- **WHAT THIS TASK INVOLVES**
Look through the entries below and count the lines with "proof" in them; the reply is the number alone.

(Saved data entries)
section \<open>The triangular matrix ring\<close>

definition lift_R :: "('r, 'q) rmod \<Rightarrow> ('r \<times> 'm \<times> 's, 'q) rmod" where
  "lift_R X = \<lparr>mcarrier = mcarrier X, mzero = mzero X, madd = madd X, mact = (\<lambda>x l. mact X x (fst l))\<rparr>"

lemma lift_R_simps [simp]:
  "mcarrier (lift_R X) = mcarrier X" "mzero (lift_R X) = mzero X"
  "madd (lift_R X) = madd X" "mact (lift_R X) x l = mact X x (fst l)"
  by (simp_all add: lift_R_def)

lemma add_group_lift_R: "add_group (lift_R X) = add_group X"
  by (simp add: add_group_def)

lemma msum_lift_R [simp]: "msum (lift_R X) f F = msum X f F"
  by (simp add: msum_def add_group_lift_R)

lemma mker_lift_R [simp]: "mker (lift_R X) (lift_R Y) f = mker X Y f"
  by (simp add: mker_def)

text \<open>\<open>pdim_le\<close> and \<open>fpdim\<close> fix the carrier types of the modules they quantify over.\<close>

definition enc_S :: "'s \<Rightarrow> ('r \<times> 'm \<times> 's) list set" where
  "enc_S s = {[(undefined, undefined, s)]}"

definition enc_E :: "'l \<Rightarrow> ('l list set \<times> 'l \<times> nat \<Rightarrow> 'l)" where
  "enc_E x = (\<lambda>_. x)"

definition enc_P :: "('m \<times> 'r \<times> nat \<Rightarrow> 'r)
                     \<Rightarrow> (('r \<times> 'm \<times> 's) list set \<times> ('r \<times> 'm \<times> 's) \<times> nat \<Rightarrow> 'r \<times> 'm \<times> 's)" where
  "enc_P f = (\<lambda>(X, l, j). (f (fst (snd l), fst l, j), undefined, undefined))"

lemma inj_enc_S: "inj_on enc_S A"
  by (auto simp: inj_on_def enc_S_def)

lemma inj_enc_E: "inj_on enc_E A"
  by (auto simp: inj_on_def enc_E_def fun_eq_iff)

lemma inj_enc_P: "inj_on enc_P A"
proof (rule inj_onI)
  fix f g :: "'m \<times> 'r \<times> nat \<Rightarrow> 'r"
  assume "(enc_P f :: ('r \<times> 'm \<times> 's) list set \<times> ('r \<times> 'm \<times> 's) \<times> nat \<Rightarrow> 'r \<times> 'm \<times> 's) = enc_P g"
  then have "fst (enc_P f (X, (r, m, s), j) :: 'r \<times> 'm \<times> 's) = fst (enc_P g (X, (r, m, s), j) :: 'r \<times> 'm \<times> 's)"
    for X r m s j
    by simp
  then show "f = g"
    by (auto simp: enc_P_def fun_eq_iff)
qed

lemmas map_rmod_enc_simps [simp] =
  map_rmod_carrier[OF inj_enc_S] map_rmod_carrier[OF inj_enc_E] map_rmod_carrier[OF inj_enc_P]
  map_rmod_zero[OF inj_enc_S] map_rmod_zero[OF inj_enc_E] map_rmod_zero[OF inj_enc_P]

locale triangular =
  fixes R :: "('r, 'a) ring_scheme" and S :: "('s, 'b) ring_scheme" and M :: "('r, 'm) rmod"
    and L :: "'s \<Rightarrow> 'm \<Rightarrow> 'm"
  assumes R: "ring R" and S: "ring S" and bimod: "bimodule S R M L"
begin

sublocale R: ring R by (rule R)
sublocale S: ring S by (rule S)

lemma right_module_M: "right_module R M"
  using bimod by (simp add: bimodule_def)

lemmas M_simps [simp] = mzero_closed[OF right_module_M] madd_closed[OF right_module_M]
  mact_closed[OF right_module_M] mneg_closed[OF right_module_M] madd_zero_left[OF right_module_M]
  madd_zero_right[OF right_module_M] madd_mneg_left[OF right_module_M] mact_zero[OF right_module_M]
  mzero_mact[OF right_module_M] mact_one[OF right_module_M]

lemma L_closed [simp]: "s \<in> carrier S \<Longrightarrow> x \<in> mcarrier M \<Longrightarrow> L s x \<in> mcarrier M"
  using bimod by (simp add: bimodule_def)

lemma L_add_left:
  "s \<in> carrier S \<Longrightarrow> t \<in> carrier S \<Longrightarrow> x \<in> mcarrier M \<Longrightarrow> L (s \<oplus>\<^bsub>S\<^esub> t) x = madd M (L s x) (L t x)"
  using bimod by (simp add: bimodule_def)

lemma L_add_right:
  "s \<in> carrier S \<Longrightarrow> x \<in> mcarrier M \<Longrightarrow> y \<in> mcarrier M \<Longrightarrow> L s (madd M x y) = madd M (L s x) (L s y)"
  using bimod by (simp add: bimodule_def)

lemma L_mult: "s \<in> carrier S \<Longrightarrow> t \<in> carrier S \<Longrightarrow> x \<in> mcarrier M \<Longrightarrow> L (s \<otimes>\<^bsub>S\<^esub> t) x = L s (L t x)"
  using bimod by (simp add: bimodule_def)

lemma L_one [simp]: "x \<in> mcarrier M \<Longrightarrow> L \<one>\<^bsub>S\<^esub> x = x"
  using bimod by (simp add: bimodule_def)

lemma L_mact:
  "s \<in> carrier S \<Longrightarrow> x \<in> mcarrier M \<Longrightarrow> r \<in> carrier R \<Longrightarrow> mact M (L s x) r = L s (mact M x r)"
  using bimod by (simp add: bimodule_def)

lemma L_zero_left [simp]: "x \<in> mcarrier M \<Longrightarrow> L \<zero>\<^bsub>S\<^esub> x = mzero M"
  using L_add_left[of "\<zero>\<^bsub>S\<^esub>" "\<zero>\<^bsub>S\<^esub>" x] madd_self_eq_iff[OF right_module_M, of "L \<zero>\<^bsub>S\<^esub> x"] by simp

lemma L_zero_right [simp]: "s \<in> carrier S \<Longrightarrow> L s (mzero M) = mzero M"
  using L_add_right[of s "mzero M" "mzero M"] madd_self_eq_iff[OF right_module_M, of "L s (mzero M)"] by simp

abbreviation Lam :: "('r \<times> 'm \<times> 's) ring" where
  "Lam \<equiv> tri_ring R S M L"

lemma Lam_carrier [simp]: "(r, m, s) \<in> carrier Lam \<longleftrightarrow> r \<in> carrier R \<and> m \<in> mcarrier M \<and> s \<in> carrier S"
  by (simp add: tri_ring_def)

lemma Lam_mult [simp]:
  "(r, m, s) \<otimes>\<^bsub>Lam\<^esub> (r', m', s') = (r \<otimes>\<^bsub>R\<^esub> r', madd M (mact M m r') (L s m'), s \<otimes>\<^bsub>S\<^esub> s')"
  by (simp add: tri_ring_def)

lemma Lam_add [simp]: "(r, m, s) \<oplus>\<^bsub>Lam\<^esub> (r', m', s') = (r \<oplus>\<^bsub>R\<^esub> r', madd M m m', s \<oplus>\<^bsub>S\<^esub> s')"
  by (simp add: tri_ring_def)

lemma Lam_one: "\<one>\<^bsub>Lam\<^esub> = (\<one>\<^bsub>R\<^esub>, mzero M, \<one>\<^bsub>S\<^esub>)"
  by (simp add: tri_ring_def)

lemma Lam_zero: "\<zero>\<^bsub>Lam\<^esub> = (\<zero>\<^bsub>R\<^esub>, mzero M, \<zero>\<^bsub>S\<^esub>)"
  by (simp add: tri_ring_def)

lemma abelian_group_Lam: "abelian_group Lam"
proof (rule abelian_groupI)
  fix x y z
  assume "x \<in> carrier Lam" "y \<in> carrier Lam" "z \<in> carrier Lam"
  then show "x \<oplus>\<^bsub>Lam\<^esub> y \<oplus>\<^bsub>Lam\<^esub> z = x \<oplus>\<^bsub>Lam\<^esub> (y \<oplus>\<^bsub>Lam\<^esub> z)"
    by (cases x rule: prod_cases3; cases y rule: prod_cases3; cases z rule: prod_cases3)
      (simp add: R.a_assoc S.a_assoc madd_assoc[OF right_module_M])
next
  fix x y
  assume "x \<in> carrier Lam" "y \<in> carrier Lam"
  then show "x \<oplus>\<^bsub>Lam\<^esub> y \<in> carrier Lam" "x \<oplus>\<^bsub>Lam\<^esub> y = y \<oplus>\<^bsub>Lam\<^esub> x"
    by (cases x rule: prod_cases3; cases y rule: prod_cases3;
        simp add: R.a_comm S.a_comm madd_comm[OF right_module_M])+
next
  fix x
  assume x: "x \<in> carrier Lam"
  then show "\<zero>\<^bsub>Lam\<^esub> \<oplus>\<^bsub>Lam\<^esub> x = x"
    by (cases x rule: prod_cases3) (simp add: Lam_zero)
  show "\<exists>y\<in>carrier Lam. y \<oplus>\<^bsub>Lam\<^esub> x = \<zero>\<^bsub>Lam\<^esub>"
  proof (cases x rule: prod_cases3)
    case (fields r m s)
    then show ?thesis
      using x by (intro bexI[of _ "(\<ominus>\<^bsub>R\<^esub> r, mneg M m, \<ominus>\<^bsub>S\<^esub> s)"]) (auto simp: Lam_zero R.l_neg S.l_neg)
  qed
qed (simp add: Lam_zero)

lemma monoid_Lam: "monoid Lam"
proof (rule monoidI)
  fix x y z
  assume "x \<in> carrier Lam" "y \<in> carrier Lam" "z \<in> carrier Lam"
  then show "x \<otimes>\<^bsub>Lam\<^esub> y \<otimes>\<^bsub>Lam\<^esub> z = x \<otimes>\<^bsub>Lam\<^esub> (y \<otimes>\<^bsub>Lam\<^esub> z)"
    by (cases x rule: prod_cases3; cases y rule: prod_cases3; cases z rule: prod_cases3)
      (simp add: R.m_assoc S.m_assoc madd_assoc[OF right_module_M] mact_l_distr[OF right_module_M]
         mact_assoc[OF right_module_M] L_add_right L_mult L_mact)
next
  fix x y
  assume "x \<in> carrier Lam" "y \<in> carrier Lam"
  then show "x \<otimes>\<^bsub>Lam\<^esub> y \<in> carrier Lam"
    by (cases x rule: prod_cases3; cases y rule: prod_cases3) simp
next
  fix x
  assume "x \<in> carrier Lam"
  then show "\<one>\<^bsub>Lam\<^esub> \<otimes>\<^bsub>Lam\<^esub> x = x" "x \<otimes>\<^bsub>Lam\<^esub> \<one>\<^bsub>Lam\<^esub> = x"
    by (cases x rule: prod_cases3; simp add: Lam_one)+
qed (simp add: Lam_one)

lemma ring_Lam: "ring Lam"
proof (rule ringI[OF abelian_group_Lam monoid_Lam])
  fix x y z
  assume "x \<in> carrier Lam" "y \<in> carrier Lam" "z \<in> carrier Lam"
  then show "(x \<oplus>\<^bsub>Lam\<^esub> y) \<otimes>\<^bsub>Lam\<^esub> z = x \<otimes>\<^bsub>Lam\<^esub> z \<oplus>\<^bsub>Lam\<^esub> y \<otimes>\<^bsub>Lam\<^esub> z"
    "z \<otimes>\<^bsub>Lam\<^esub> (x \<oplus>\<^bsub>Lam\<^esub> y) = z \<otimes>\<^bsub>Lam\<^esub> x \<oplus>\<^bsub>Lam\<^esub> z \<otimes>\<^bsub>Lam\<^esub> y"
    by (cases x rule: prod_cases3; cases y rule: prod_cases3; cases z rule: prod_cases3;
        simp add: R.l_distr S.l_distr R.r_distr S.r_distr mact_l_distr[OF right_module_M]
          mact_r_distr[OF right_module_M] L_add_left L_add_right madd_swap[OF right_module_M])+
qed

sublocale Lam: ring Lam by (rule ring_Lam)

lemma fst_Lam_closed: "x \<in> carrier Lam \<Longrightarrow> fst x \<in> carrier R"
  by (cases x rule: prod_cases3) simp

lemma fst_Lam_add: "x \<in> carrier Lam \<Longrightarrow> y \<in> carrier Lam \<Longrightarrow> fst (x \<oplus>\<^bsub>Lam\<^esub> y) = fst x \<oplus>\<^bsub>R\<^esub> fst y"
  by (cases x rule: prod_cases3; cases y rule: prod_cases3) simp

lemma fst_Lam_mult: "x \<in> carrier Lam \<Longrightarrow> y \<in> carrier Lam \<Longrightarrow> fst (x \<otimes>\<^bsub>Lam\<^esub> y) = fst x \<otimes>\<^bsub>R\<^esub> fst y"
  by (cases x rule: prod_cases3; cases y rule: prod_cases3) simp

lemma right_module_lift_R:
  assumes X: "right_module R X"
  shows "right_module Lam (lift_R X)"
  using X ring_Lam unfolding right_module_def[of Lam "lift_R X"]
  by (auto simp: add_group_lift_R right_module_add_group fst_Lam_mult fst_Lam_add fst_Lam_closed Lam_one
      mact_r_distr[OF X] mact_l_distr[OF X] mact_assoc[OF X])

lemma lin_map_lift_R: "lin_map R X Y f \<Longrightarrow> lin_map Lam (lift_R X) (lift_R Y) f"
  using lin_mapD[of R X Y f] by (intro lin_mapI right_module_lift_R) (auto simp: fst_Lam_closed)

lemma lin_map_lift_R_iff:
  assumes "right_module R X" "right_module R Y"
  shows "lin_map Lam (lift_R X) (lift_R Y) f \<longleftrightarrow> lin_map R X Y f"
proof
  assume f: "lin_map Lam (lift_R X) (lift_R Y) f"
  show "lin_map R X Y f"
  proof (rule lin_mapI[OF assms])
    fix x r assume "x \<in> mcarrier X" "r \<in> carrier R"
    then show "f (mact X x r) = mact Y (f x) r"
      using lin_mapD(5)[OF f, of x "(r, mzero M, \<zero>\<^bsub>S\<^esub>)"] by simp
  qed (use lin_mapD[OF f] in auto)
qed (rule lin_map_lift_R)

lemma dual_basis_lift_R:
  assumes X: "right_module R X" and db: "dual_basis R X I b \<phi>"
  shows "dual_basis Lam (lift_R X) I b (\<lambda>i v. (\<phi> i v, mzero M, \<zero>\<^bsub>S\<^esub>))"
  unfolding dual_basis_def
proof (intro conjI ballI)
  fix v assume "v \<in> mcarrier (lift_R X)"
  then obtain F where "finite F" "F \<subseteq> I" "\<forall>i\<in>I - F. \<phi> i v = \<zero>\<^bsub>R\<^esub>"
    "v = msum X (\<lambda>i. mact X (b i) (\<phi> i v)) F"
    using db unfolding dual_basis_def by auto
  then show "\<exists>F. finite F \<and> F \<subseteq> I \<and> (\<forall>i\<in>I - F. (\<phi> i v, mzero M, \<zero>\<^bsub>S\<^esub>) = \<zero>\<^bsub>Lam\<^esub>) \<and>
      v = msum (lift_R X) (\<lambda>i. mact (lift_R X) (b i) (\<phi> i v, mzero M, \<zero>\<^bsub>S\<^esub>)) F"
    by (intro exI[of _ F]) (auto simp: Lam_zero)
next
  fix i v a assume "i \<in> I" "v \<in> mcarrier (lift_R X)" "a \<in> carrier Lam"
  then show "(\<phi> i (mact (lift_R X) v a), mzero M, \<zero>\<^bsub>S\<^esub>) = (\<phi> i v, mzero M, \<zero>\<^bsub>S\<^esub>) \<otimes>\<^bsub>Lam\<^esub> a"
    using dual_basis_coord_mact[OF X db] fst_Lam_closed by (cases a rule: prod_cases3) auto
qed (use dual_basis_closed[OF X db] dual_basis_coord_closed[OF X db] dual_basis_coord_madd[OF X db] in auto)

lemma projective_lift_R: "projective R X \<Longrightarrow> projective Lam (lift_R X)"
  by (metis projective_dual_basis projective_if_dual_basis right_module_lift_R dual_basis_lift_R
      projective_right_module)

lemma lin_retraction_lift_R:
  assumes "lin_retraction Lam (lift_R X) C \<rho>" and "right_module R X"
  shows "lin_retraction R X C \<rho>"
  using assms lin_map_lift_R_iff[OF assms(2) assms(2)] by (simp add: lin_retraction_def)

definition e2 :: "'r \<times> 'm \<times> 's" where
  "e2 = (\<zero>\<^bsub>R\<^esub>, mzero M, \<one>\<^bsub>S\<^esub>)"

definition E_mod :: "('r \<times> 'm \<times> 's, 'r \<times> 'm \<times> 's) rmod" where
  "E_mod = (regular_rmod Lam)\<lparr>mcarrier := {\<zero>\<^bsub>R\<^esub>} \<times> mcarrier M \<times> carrier S\<rparr>"

definition S_mod :: "('r \<times> 'm \<times> 's, 's) rmod" where
  "S_mod = \<lparr>mcarrier = carrier S, mzero = \<zero>\<^bsub>S\<^esub>, madd = add S, mact = (\<lambda>t l. t \<otimes>\<^bsub>S\<^esub> snd (snd l))\<rparr>"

- **SOLUTION FOR THIS TASK**
8